Carlos Alvarado Lang (January 14, 1905 - September 3, 1961) was a Mexican printmaker and professor. He taught metal engraving and later served as the program director at Academy of San Carlos, from 1929 to 1949.

== Biography ==
Carlos Alvarado Lang was born January 14, 1905, in La Piedad de Cabadas, Michoacán, Mexico. When he was age 14, he began his studies in the National School of Fine Arts (Escuela Nacional de Artes Plásticas de la Universidad Nacional autónoma de México).

Alvarado Lang studied printmaking under engraver Emiliano Valadéz at the Academy of San Carlos (Spanish: Academia de San Carlos, also Escuela Nacional de San Carlos) in Mexico City. In 1929, he followed Emiliano Valadéz on his chair. After the coursework offer at the Academy of San Carlos was expanded in 1930, he got the chair of metal engraving. From 1942 to 1949 he was director of the Academy of San Carlos.
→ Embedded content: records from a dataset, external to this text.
text \<open>
  Upper bound: cut the equilibrium potential \<open>h\<close> of \<open>(A, B)\<close> at height \<open>1/2\<close>. The positive
  parts of \<open>h - 1/2\<close> and \<open>1/2 - h\<close> are supported on complementary sets, have energy at most
  \<open>cap(A, B)/2\<close> (since \<open>h\<close> is orthogonal to all functions vanishing on \<open>A \<union> B\<close>) and squared
  norms at least \<open>m(B)/4\<close> and \<open>m(A)/4\<close>; so the two Dirichlet eigenvalues are at most
  \<open>2 cap(A, B)/m(B)\<close> and \<open>2 cap(A, B)/m(A)\<close>.

  Lower bound: a discrete Maz'ya capacitary inequality gives \<open>\<lambda>(X) \<ge> \<kappa>(X)/4\<close>, where \<open>\<kappa>(X)\<close>
  is the least ratio \<open>cap(V - X, F)/m(F)\<close> over nonempty \<open>F \<subseteq> X\<close>. If \<open>B \<subseteq> X\<close> and
  \<open>A \<subseteq> V - X\<close> realise \<open>\<kappa>(X)\<close> and \<open>\<kappa>(V - X)\<close>, monotonicity of the capacity gives
  \<open>cap(A, B)/m(B) \<le> 4 \<lambda>(X)\<close> and \<open>cap(A, B)/m(A) \<le> 4 \<lambda>(V - X)\<close>.

  In both directions the logarithmic mean, being monotone and positively homogeneous,
  transfers the bounds.
\<close>

section \<open>Logarithmic mean\<close>

text \<open>For positive arguments \<open>logmean s t = 1 / ln_slope s t\<close>, so monotonicity of the
  logarithmic mean reduces to concavity of \<open>ln\<close>.\<close>
definition ln_slope :: "real \<Rightarrow> real \<Rightarrow> real" where
  "ln_slope s t = (if s = t then 1 / s else (ln s - ln t) / (s - t))"

lemma ln_slope_commute: "ln_slope s t = ln_slope t s"
  unfolding ln_slope_def by (metis minus_diff_eq minus_divide_divide)

lemma ln_slope_pos: "0 < s \<Longrightarrow> 0 < t \<Longrightarrow> 0 < ln_slope s t"
  by (cases s t rule: linorder_cases) (auto simp: ln_slope_def zero_less_divide_iff)

lemma ln_slope_tangent_bounds:
  assumes "0 < x" "x < z"
  shows "1 / z \<le> ln_slope x z" "ln_slope x z \<le> 1 / x"
proof -
  have slope: "ln_slope x z = (ln z - ln x) / (z - x)"
    using assms by (simp add: ln_slope_def) (metis minus_diff_eq minus_divide_divide)
  have "ln z - ln x \<le> (z - x) / x" "ln x - ln z \<le> (x - z) / z"
    using assms by (intro ln_diff_le; simp)+
  then show "1 / z \<le> ln_slope x z" "ln_slope x z \<le> 1 / x"
    unfolding slope using assms by (simp_all add: field_simps)
qed

lemma ln_slope_three_points:
  assumes "0 < x" "x \<le> y" "y \<le> z" "x < z"
  shows "ln_slope x z \<le> ln_slope x y \<and> ln_slope y z \<le> ln_slope x z"
proof -
  consider "y = x" | "y = z" | "x < y" "y < z"
    using assms by linarith
  then show ?thesis
  proof cases
    case 1
    then show ?thesis using ln_slope_tangent_bounds[OF assms(1,4)] by (simp add: ln_slope_def)
  next
    case 2
    then show ?thesis using ln_slope_tangent_bounds[OF assms(1,4)] by (simp add: ln_slope_def)
  next
    case 3
    have cvx: "convex_on {0<..} (\<lambda>x. - ln x)"
      using ln_concave by (simp add: concave_on_def)
    have neg: "(- ln u - - ln v) / (u - v) = - ((ln u - ln v) / (u - v))" for u v :: real
      by (simp add: minus_divide_left)
    have "x \<in> {0<..}" "z \<in> {0<..}"
      using assms by auto
    note slopes = convex_on_slope_le[OF cvx this 3, unfolded neg]
    show ?thesis
      using slopes 3 assms by (simp add: ln_slope_def)
  qed
qed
He had many notable students, including Lola Cueto.

Posthumously his works were exhibited at the Escuela Nacional de Pintura, Escultura y Grabado "La Esmeralda" (1963); in the Museo de Arte Moderno (1971); the museum of the Palacio de Bellas Artes (1981); and in further notable institutions.

== Collections ==
Alvarado Lang's work is in many public museum collections, including:

- Blanton Museum of Art, Austin, Texas, U.S.
- Brooklyn Museum, Brooklyn, New York City, New York, U.S.
- McNay Art Museum, San Antonio, Texas, U.S.
- Metropolitan Museum of Art, New York City, New York, U.S.